**Task details:** Render every entry verbatim.

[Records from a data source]
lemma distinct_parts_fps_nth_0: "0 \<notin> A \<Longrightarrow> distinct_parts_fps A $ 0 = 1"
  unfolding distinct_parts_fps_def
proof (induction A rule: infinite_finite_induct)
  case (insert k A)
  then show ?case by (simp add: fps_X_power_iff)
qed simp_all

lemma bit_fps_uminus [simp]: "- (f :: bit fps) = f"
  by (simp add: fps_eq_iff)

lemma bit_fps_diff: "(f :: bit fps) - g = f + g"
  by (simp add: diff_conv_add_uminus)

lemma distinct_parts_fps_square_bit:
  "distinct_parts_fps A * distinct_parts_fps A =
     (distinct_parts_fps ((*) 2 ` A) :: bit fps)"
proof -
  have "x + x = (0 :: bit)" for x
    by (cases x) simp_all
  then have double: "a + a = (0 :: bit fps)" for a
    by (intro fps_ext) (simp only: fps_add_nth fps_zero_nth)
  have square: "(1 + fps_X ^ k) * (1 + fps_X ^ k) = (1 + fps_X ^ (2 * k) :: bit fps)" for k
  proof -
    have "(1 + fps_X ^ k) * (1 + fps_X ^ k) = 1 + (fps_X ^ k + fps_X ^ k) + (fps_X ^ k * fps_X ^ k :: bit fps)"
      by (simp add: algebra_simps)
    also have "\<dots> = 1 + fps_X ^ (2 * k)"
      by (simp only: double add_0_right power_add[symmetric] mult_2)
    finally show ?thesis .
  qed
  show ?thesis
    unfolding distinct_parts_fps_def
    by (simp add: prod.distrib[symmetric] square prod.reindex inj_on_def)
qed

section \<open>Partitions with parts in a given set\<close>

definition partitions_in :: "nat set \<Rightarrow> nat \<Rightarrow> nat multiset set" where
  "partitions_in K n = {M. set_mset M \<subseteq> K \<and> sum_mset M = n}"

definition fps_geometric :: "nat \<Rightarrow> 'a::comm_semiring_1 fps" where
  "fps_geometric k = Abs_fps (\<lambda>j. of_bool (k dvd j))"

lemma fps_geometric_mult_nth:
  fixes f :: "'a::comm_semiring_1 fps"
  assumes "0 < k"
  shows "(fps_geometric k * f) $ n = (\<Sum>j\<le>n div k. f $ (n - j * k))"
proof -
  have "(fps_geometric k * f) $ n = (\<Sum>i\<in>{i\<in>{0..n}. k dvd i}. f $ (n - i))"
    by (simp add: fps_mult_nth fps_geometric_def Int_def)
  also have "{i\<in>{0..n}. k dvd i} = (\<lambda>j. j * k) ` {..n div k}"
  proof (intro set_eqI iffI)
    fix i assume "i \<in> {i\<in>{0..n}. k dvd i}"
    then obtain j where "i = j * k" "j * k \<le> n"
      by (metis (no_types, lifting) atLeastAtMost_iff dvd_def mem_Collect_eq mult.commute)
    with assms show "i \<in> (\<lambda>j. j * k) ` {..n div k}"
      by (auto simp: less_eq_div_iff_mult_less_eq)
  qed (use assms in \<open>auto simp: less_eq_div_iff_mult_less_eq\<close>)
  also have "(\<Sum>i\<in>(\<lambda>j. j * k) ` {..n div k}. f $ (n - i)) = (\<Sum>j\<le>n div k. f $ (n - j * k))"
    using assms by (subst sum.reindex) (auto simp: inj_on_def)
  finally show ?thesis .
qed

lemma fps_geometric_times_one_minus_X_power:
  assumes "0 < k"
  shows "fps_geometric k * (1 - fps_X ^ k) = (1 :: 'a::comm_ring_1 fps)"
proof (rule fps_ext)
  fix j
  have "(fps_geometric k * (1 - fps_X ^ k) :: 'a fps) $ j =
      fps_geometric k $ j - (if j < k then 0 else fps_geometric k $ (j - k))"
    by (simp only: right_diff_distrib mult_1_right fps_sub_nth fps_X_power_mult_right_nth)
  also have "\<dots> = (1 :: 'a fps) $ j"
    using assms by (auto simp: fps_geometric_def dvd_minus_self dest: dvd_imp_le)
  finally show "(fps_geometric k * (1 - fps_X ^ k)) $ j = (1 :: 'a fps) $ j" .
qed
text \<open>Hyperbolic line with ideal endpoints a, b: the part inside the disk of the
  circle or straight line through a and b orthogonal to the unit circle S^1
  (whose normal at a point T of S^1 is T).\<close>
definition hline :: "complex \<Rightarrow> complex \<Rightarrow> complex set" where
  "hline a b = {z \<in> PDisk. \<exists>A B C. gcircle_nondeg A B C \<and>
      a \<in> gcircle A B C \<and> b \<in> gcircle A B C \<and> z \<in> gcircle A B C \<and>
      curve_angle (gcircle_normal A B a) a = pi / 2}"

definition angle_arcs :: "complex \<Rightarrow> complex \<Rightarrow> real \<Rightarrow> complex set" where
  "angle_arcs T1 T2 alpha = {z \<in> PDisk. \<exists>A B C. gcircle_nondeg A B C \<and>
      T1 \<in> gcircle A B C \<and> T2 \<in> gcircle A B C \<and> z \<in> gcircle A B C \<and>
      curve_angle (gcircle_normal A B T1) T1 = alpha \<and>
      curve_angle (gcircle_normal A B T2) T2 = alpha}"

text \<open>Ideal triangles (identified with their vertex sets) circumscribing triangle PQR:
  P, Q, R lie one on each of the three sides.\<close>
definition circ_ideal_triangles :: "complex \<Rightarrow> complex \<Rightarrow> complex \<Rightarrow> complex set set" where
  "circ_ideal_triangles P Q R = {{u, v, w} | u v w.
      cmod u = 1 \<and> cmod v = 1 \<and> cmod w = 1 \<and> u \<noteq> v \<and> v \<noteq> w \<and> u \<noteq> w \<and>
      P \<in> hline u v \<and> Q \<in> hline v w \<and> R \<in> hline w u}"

**The completed task:**
lemma distinct_parts_fps_nth_0: "0 \<notin> A \<Longrightarrow> distinct_parts_fps A $ 0 = 1"
  unfolding distinct_parts_fps_def
proof (induction A rule: infinite_finite_induct)
  case (insert k A)
  then show ?case by (simp add: fps_X_power_iff)
qed simp_all

lemma bit_fps_uminus [simp]: "- (f :: bit fps) = f"
  by (simp add: fps_eq_iff)

lemma bit_fps_diff: "(f :: bit fps) - g = f + g"
  by (simp add: diff_conv_add_uminus)

lemma distinct_parts_fps_square_bit:
  "distinct_parts_fps A * distinct_parts_fps A =
     (distinct_parts_fps ((*) 2 ` A) :: bit fps)"
proof -
  have "x + x = (0 :: bit)" for x
    by (cases x) simp_all
  then have double: "a + a = (0 :: bit fps)" for a
    by (intro fps_ext) (simp only: fps_add_nth fps_zero_nth)
  have square: "(1 + fps_X ^ k) * (1 + fps_X ^ k) = (1 + fps_X ^ (2 * k) :: bit fps)" for k
  proof -
    have "(1 + fps_X ^ k) * (1 + fps_X ^ k) = 1 + (fps_X ^ k + fps_X ^ k) + (fps_X ^ k * fps_X ^ k :: bit fps)"
      by (simp add: algebra_simps)
    also have "\<dots> = 1 + fps_X ^ (2 * k)"
      by (simp only: double add_0_right power_add[symmetric] mult_2)
    finally show ?thesis .
  qed
  show ?thesis
    unfolding distinct_parts_fps_def
    by (simp add: prod.distrib[symmetric] square prod.reindex inj_on_def)
qed

section \<open>Partitions with parts in a given set\<close>

definition partitions_in :: "nat set \<Rightarrow> nat \<Rightarrow> nat multiset set" where
  "partitions_in K n = {M. set_mset M \<subseteq> K \<and> sum_mset M = n}"

definition fps_geometric :: "nat \<Rightarrow> 'a::comm_semiring_1 fps" where
  "fps_geometric k = Abs_fps (\<lambda>j. of_bool (k dvd j))"

lemma fps_geometric_mult_nth:
  fixes f :: "'a::comm_semiring_1 fps"
  assumes "0 < k"
  shows "(fps_geometric k * f) $ n = (\<Sum>j\<le>n div k. f $ (n - j * k))"
proof -
  have "(fps_geometric k * f) $ n = (\<Sum>i\<in>{i\<in>{0..n}. k dvd i}. f $ (n - i))"
    by (simp add: fps_mult_nth fps_geometric_def Int_def)
  also have "{i\<in>{0..n}. k dvd i} = (\<lambda>j. j * k) ` {..n div k}"
  proof (intro set_eqI iffI)
    fix i assume "i \<in> {i\<in>{0..n}. k dvd i}"
    then obtain j where "i = j * k" "j * k \<le> n"
      by (metis (no_types, lifting) atLeastAtMost_iff dvd_def mem_Collect_eq mult.commute)
    with assms show "i \<in> (\<lambda>j. j * k) ` {..n div k}"
      by (auto simp: less_eq_div_iff_mult_less_eq)
  qed (use assms in \<open>auto simp: less_eq_div_iff_mult_less_eq\<close>)
  also have "(\<Sum>i\<in>(\<lambda>j. j * k) ` {..n div k}. f $ (n - i)) = (\<Sum>j\<le>n div k. f $ (n - j * k))"
    using assms by (subst sum.reindex) (auto simp: inj_on_def)
  finally show ?thesis .
qed

lemma fps_geometric_times_one_minus_X_power:
  assumes "0 < k"
  shows "fps_geometric k * (1 - fps_X ^ k) = (1 :: 'a::comm_ring_1 fps)"
proof (rule fps_ext)
  fix j
  have "(fps_geometric k * (1 - fps_X ^ k) :: 'a fps) $ j =
      fps_geometric k $ j - (if j < k then 0 else fps_geometric k $ (j - k))"
    by (simp only: right_diff_distrib mult_1_right fps_sub_nth fps_X_power_mult_right_nth)
  also have "\<dots> = (1 :: 'a fps) $ j"
    using assms by (auto simp: fps_geometric_def dvd_minus_self dest: dvd_imp_le)
  finally show "(fps_geometric k * (1 - fps_X ^ k)) $ j = (1 :: 'a fps) $ j" .
qed
text \<open>Hyperbolic line with ideal endpoints a, b: the part inside the disk of the
  circle or straight line through a and b orthogonal to the unit circle S^1
  (whose normal at a point T of S^1 is T).\<close>
definition hline :: "complex \<Rightarrow> complex \<Rightarrow> complex set" where
  "hline a b = {z \<in> PDisk. \<exists>A B C. gcircle_nondeg A B C \<and>
      a \<in> gcircle A B C \<and> b \<in> gcircle A B C \<and> z \<in> gcircle A B C \<and>
      curve_angle (gcircle_normal A B a) a = pi / 2}"

definition angle_arcs :: "complex \<Rightarrow> complex \<Rightarrow> real \<Rightarrow> complex set" where
  "angle_arcs T1 T2 alpha = {z \<in> PDisk. \<exists>A B C. gcircle_nondeg A B C \<and>
      T1 \<in> gcircle A B C \<and> T2 \<in> gcircle A B C \<and> z \<in> gcircle A B C \<and>
      curve_angle (gcircle_normal A B T1) T1 = alpha \<and>
      curve_angle (gcircle_normal A B T2) T2 = alpha}"

text \<open>Ideal triangles (identified with their vertex sets) circumscribing triangle PQR:
  P, Q, R lie one on each of the three sides.\<close>
definition circ_ideal_triangles :: "complex \<Rightarrow> complex \<Rightarrow> complex \<Rightarrow> complex set set" where
  "circ_ideal_triangles P Q R = {{u, v, w} | u v w.
      cmod u = 1 \<and> cmod v = 1 \<and> cmod w = 1 \<and> u \<noteq> v \<and> v \<noteq> w \<and> u \<noteq> w \<and>
      P \<in> hline u v \<and> Q \<in> hline v w \<and> R \<in> hline w u}"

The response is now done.